Estratégias de dominação do imperialismo ianque:

1822 – Primeira Estratégia:

Doutrina Monroe (1822 a 1898), com a qual os USA autodelegava o poder de polícia em todo o Continente americano.

1898 – Segunda Estratégia:

Big Stick, o grande cassetete(de 1898 a 1933).
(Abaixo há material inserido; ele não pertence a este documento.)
lemma indecomposable_PhiPlus:
  assumes "indecomposable s X0 Xs Ys" "X10 Ys \<noteq> {0}"
  shows "indecomposable (scale3 s) (X10 Ys) (\<lambda>i. Hp Ys i \<inter> X10 Ys) (\<lambda>i. Gp Xs Ys i \<inter> X10 Ys)"
proof -
  have "\<not> nontrivial_decomposition (scale3 s) (X10 Ys)
      (\<lambda>i. Hp Ys i \<inter> X10 Ys) (\<lambda>i. Gp Xs Ys i \<inter> X10 Ys) A B" for A B
  proof
    assume "nontrivial_decomposition (scale3 s) (X10 Ys)
      (\<lambda>i. Hp Ys i \<inter> X10 Ys) (\<lambda>i. Gp Xs Ys i \<inter> X10 Ys) A B"
    then have "PhiPlus_decomposition s X0 Xs Ys A B"
      by (intro PhiPlus_decomposition.intro PhiPlus_decomposition_axioms.intro D222_rep_axioms)
    then have "\<not> indecomposable s X0 Xs Ys" by (rule PhiPlus_decomposition.not_indecomposable)
    then show False using assms(1) by contradiction
  qed
  with assms(2) show ?thesis unfolding indecomposable_iff by blast
qed

lemma perfect_PhiPlus_ev_trivial:
  assumes "indecomposable s X0 Xs Ys" "perfect TYPE('a) v"
  shows "PhiPlus_ev Xs Ys v = {0} \<or> PhiPlus_ev Xs Ys v = X10 Ys"
proof (cases "X10 Ys = {0}")
  case True
  then show ?thesis
    using triples.ev_subset_top[OF is_rep_PhiPlus] triples.subspace_0[OF triples.subspace_ev_rep[OF is_rep_PhiPlus]]
    unfolding PhiPlus_ev_def by blast
next
  case False
  have "vector_space (scale3 s)" by (rule vector_space_scale3) unfold_locales
  from perfect_ev_trivial[OF this is_rep_PhiPlus indecomposable_PhiPlus[OF assms(1) False] assms(2)]
  show ?thesis unfolding PhiPlus_ev_def .
qed

end

section \<open>The sums S(a)\<close>

lemma Sset_eq_ssum3: "Sset Xs Ys a = ssum3 (\<lambda>i. coord i ` PhiPlus_ev Xs Ys a)"
  unfolding Sset_def ssum3_def ..

lemma PhiPlus_ev_Meet: "PhiPlus_ev Xs Ys (Meet a b) = PhiPlus_ev Xs Ys a \<inter> PhiPlus_ev Xs Ys b"
  unfolding PhiPlus_ev_def by simp

lemma Sset_Meet_commute: "Sset Xs Ys (Meet u v) = Sset Xs Ys (Meet v u)"
  unfolding Sset_eq_ssum3 PhiPlus_ev_Meet by (simp add: Int_commute)

context D222_rep
begin

lemma zero_in_Sset: "0 \<in> Sset Xs Ys a"
proof -
  have "0 \<in> coord i ` PhiPlus_ev Xs Ys a" for i
    using zero_in_PhiPlus_ev by (metis coord_zero image_eqI)
  then show ?thesis
    unfolding Sset_eq_ssum3 using subset_ssum3[of "\<lambda>i. coord i ` PhiPlus_ev Xs Ys a" i1] by blast
qed

lemma Sset_Meet_perfect:
  assumes "indecomposable s X0 Xs Ys" "perfect TYPE('a) v"
  shows "Sset Xs Ys (Meet v u) = Sset Xs Ys v \<inter> Sset Xs Ys u"
  using perfect_PhiPlus_ev_trivial[OF assms]
proof
  assume v: "PhiPlus_ev Xs Ys v = {0}"
  then have "PhiPlus_ev Xs Ys (Meet v u) = {0}"
    using zero_in_PhiPlus_ev[of u] by (auto simp: PhiPlus_ev_Meet)
  then show ?thesis using v zero_in_Sset[of u] unfolding Sset_eq_ssum3 by (simp add: ssum3_zero)
next
  assume v: "PhiPlus_ev Xs Ys v = X10 Ys"
  then have "PhiPlus_ev Xs Ys (Meet v u) = PhiPlus_ev Xs Ys u"
    using PhiPlus_ev_subset_X10[of u] by (auto simp: PhiPlus_ev_Meet)
  then have "Sset Xs Ys (Meet v u) = Sset Xs Ys u" unfolding Sset_eq_ssum3 by simp
  moreover have "Sset Xs Ys u \<subseteq> Sset Xs Ys v"
    unfolding Sset_eq_ssum3 v using PhiPlus_ev_subset_X10[of u] by (intro ssum3_mono image_mono)
  ultimately show ?thesis by (simp add: Int_absorb1)
qed

end

theorem mainTheorem17:
  fixes s :: "'a::field \<Rightarrow> 'v::ab_group_add \<Rightarrow> 'v"
    and X0 :: "'v set" and Xs Ys :: "idx \<Rightarrow> 'v set"
  assumes "vector_space s"
    and "is_rep s X0 Xs Ys"
    and "indecomposable s X0 Xs Ys"
  shows "(\<forall>v1 v2 v3. perfect TYPE('a) v1 \<and> perfect TYPE('a) v2 \<and> perfect TYPE('a) v3 \<longrightarrow>
            Sset Xs Ys (Meet (Meet v1 v2) v3) = Sset Xs Ys v1 \<inter> Sset Xs Ys v2 \<inter> Sset Xs Ys v3)
       \<and> (\<forall>v u. perfect TYPE('a) v \<longrightarrow>
            Sset Xs Ys (Meet v u) = Sset Xs Ys v \<inter> Sset Xs Ys u)"
proof -
  have rep: "D222_rep s X0 Xs Ys"
    by (intro D222_rep.intro D222_rep_axioms.intro assms(1,2))
  have meet: "Sset Xs Ys (Meet v u) = Sset Xs Ys v \<inter> Sset Xs Ys u" if "perfect TYPE('a) v" for v u
    using D222_rep.Sset_Meet_perfect[OF rep assms(3) that] .
  show ?thesis
  proof (intro conjI allI impI)
    fix v1 v2 v3 assume "perfect TYPE('a) v1 \<and> perfect TYPE('a) v2 \<and> perfect TYPE('a) v3"
    then have "Sset Xs Ys (Meet (Meet v1 v2) v3) = Sset Xs Ys v3 \<inter> Sset Xs Ys (Meet v1 v2)"
      unfolding Sset_Meet_commute[of Xs Ys "Meet v1 v2" v3] by (intro meet) simp
    also have "Sset Xs Ys (Meet v1 v2) = Sset Xs Ys v1 \<inter> Sset Xs Ys v2"
      using meet \<open>perfect TYPE('a) v1 \<and> _\<close> by simp
    finally show "Sset Xs Ys (Meet (Meet v1 v2) v3) = Sset Xs Ys v1 \<inter> Sset Xs Ys v2 \<inter> Sset Xs Ys v3"
      by (simp only: Int_ac)
  next
    fix v u assume "perfect TYPE('a) v"
    then show "Sset Xs Ys (Meet v u) = Sset Xs Ys v \<inter> Sset Xs Ys u" by (rule meet)
  qed
qed

end
(* Assume $\rho_i,\beta_i$ are continuous on $[0,\bar b_i]$ for all $i\in\mathcal{I}$. Let $\lambda^*$ be a minimizer of $Q$ over $\mathbb{R}^{|\mathcal{K}|}$ with $Q(\lambda^* )$ finite, and suppose that for every $i\in\mathcal{I}$ the set $\mathcal{V}_i := \{v_i(x_i,b_i) : (x_i,b_i)\in S_i^*(\lambda^* )\}\subseteq\mathbb{R}^{|\mathcal{K}|}$ is convex. Then there exists $(\mathbf{x}^*,\mathbf{b}^* )\in\mathcal{S}$ with $(x_i^*,b_i^* )\in S_i^*(\lambda^* )$ for all $i$ (so $(\mathbf{x}^*,\mathbf{b}^* )$ attains the supremum defining $Q(\lambda^* )$) such that $F(\mathbf{x}^*,\mathbf{b}^* ) = Q(\lambda^* )$.
   Context: Setting. $\mathcal{I}$, $\mathcal{K}$ finite, $\mathcal{E}\subseteq\mathcal{I}\times\mathcal{K}$, $\mathcal{K}_i := \{k:(i,k)\in\mathcal{E}\}$, $\mathcal{I}_k := \{i:(i,k)\in\mathcal{E}\}$; $s_i>0$, $r_{ik}\ge 0$, $\bar b_i>0$; $\rho_i:[0,\bar b_i]\to[0,1]$, $\beta_i:[0,\bar b_i]\to\mathbb{R}$ nondecreasing with $\beta_i(b)\le b$. $h_i(z,b) := (z-\beta_i(b))\rho_i(b)$. For each $i$, $S_i := \{(x_i,b_i)\in\mathbb{R}^{|\mathcal{K}_i|}\times\mathbb{R}^{|\mathcal{K}_i|} : b_i\in[0,\bar b_i]^{|\mathcal{K}_i|},\ \sum_{k\in\mathcal{K}_i}x_{ik}\le 1,\ x_i\ge 0\}$ and $\mathcal{S}=\prod_i S_i$. $v_i(x_i,b_i)\in\mathbb{R}^{|\mathcal{K}|}$ has $k$-th coordinate $r_{ik}s_ix_{ik}\rho_i(b_{ik})$ if $k\in\mathcal{K}_i$ and $0$ otherwise; $v(\mathbf{x},\mathbf{b}) = \sum_i v_i(x_i,b_i)$. $\pi(\mathbf{x},\mathbf{b}) := \sum_{(i,k)\in\mathcal{E}} h_i(r_{ik},b_{ik})s_ix_{ik}$. $\psi_i(\lambda) := \max_{(x_i,b_i)\in S_i}\sum_{k\in\mathcal{K}_i} h_i(r_{ik}(1-\lambda_k),b_{ik})s_ix_{ik}$, with $S_i^*(\lambda)$ its set of maximizers. $u:\mathbb{R}^{|\mathcal{K}|}\to\mathbb{R}\cup\{-\infty\}$ concave, $p(\lambda):=\sup_v\{\lambda^Tv+u(v)\}$. Dual function $Q(\lambda) := \sup_{(\mathbf{x},\mathbf{b})\in\mathcal{S}}(\pi(\mathbf{x},\mathbf{b})-\lambda^Tv(\mathbf{x},\mathbf{b})) + p(\lambda)$. Primal objective $F(\mathbf{x},\mathbf{b}) := \pi(\mathbf{x},\mathbf{b}) + \inf_{\lambda\in\mathbb{R}^{|\mathcal{K}|}}\{p(\lambda)-\lambda^Tv(\mathbf{x},\mathbf{b})\}$. *)

theory Defs
  imports "HOL-Analysis.Analysis"
begin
1933 – Terceira Estratégia:
"Política de Boa Vizinhança" (1933 a 1945). Os "norte-americanos" ao invés de yankees; o "americanismo"; dominação cultural, assistência técnica; implantação de empresas etc.

1945 – Quarta Estratégia:
Guerra Fria, Ponto IV, Aliança para o Progresso, administração semi colonial, continuidade do browderismo, do desenvolvimentismo, surgimento das Três Pacíficas e dos Dois Todos do social-imperialismo russo. (1945 a 1975). De 1945 a 1961, funcionou a Doutrina Truman (centro da Guerra Fria). Bases militares avançadas em todos os continentes.

1975 – Quinta Estratégia:

Ver "desanuviamento internacional" (fim da Guerra Fria – 1945 a 1975 – e início de alianças abertas entre os USA e a URSS (em franca restauração capitalista) "Globalização", "Nova Ordem", "Direitos Humanos", "Ecologia", "Ambientalismo", "Guerra nas Estrelas"

2001 – Sexta Estratégia:
Fim das fronteiras na América Latina (Alca) — Guerra total do império ianque contra os povos de todo o mundo.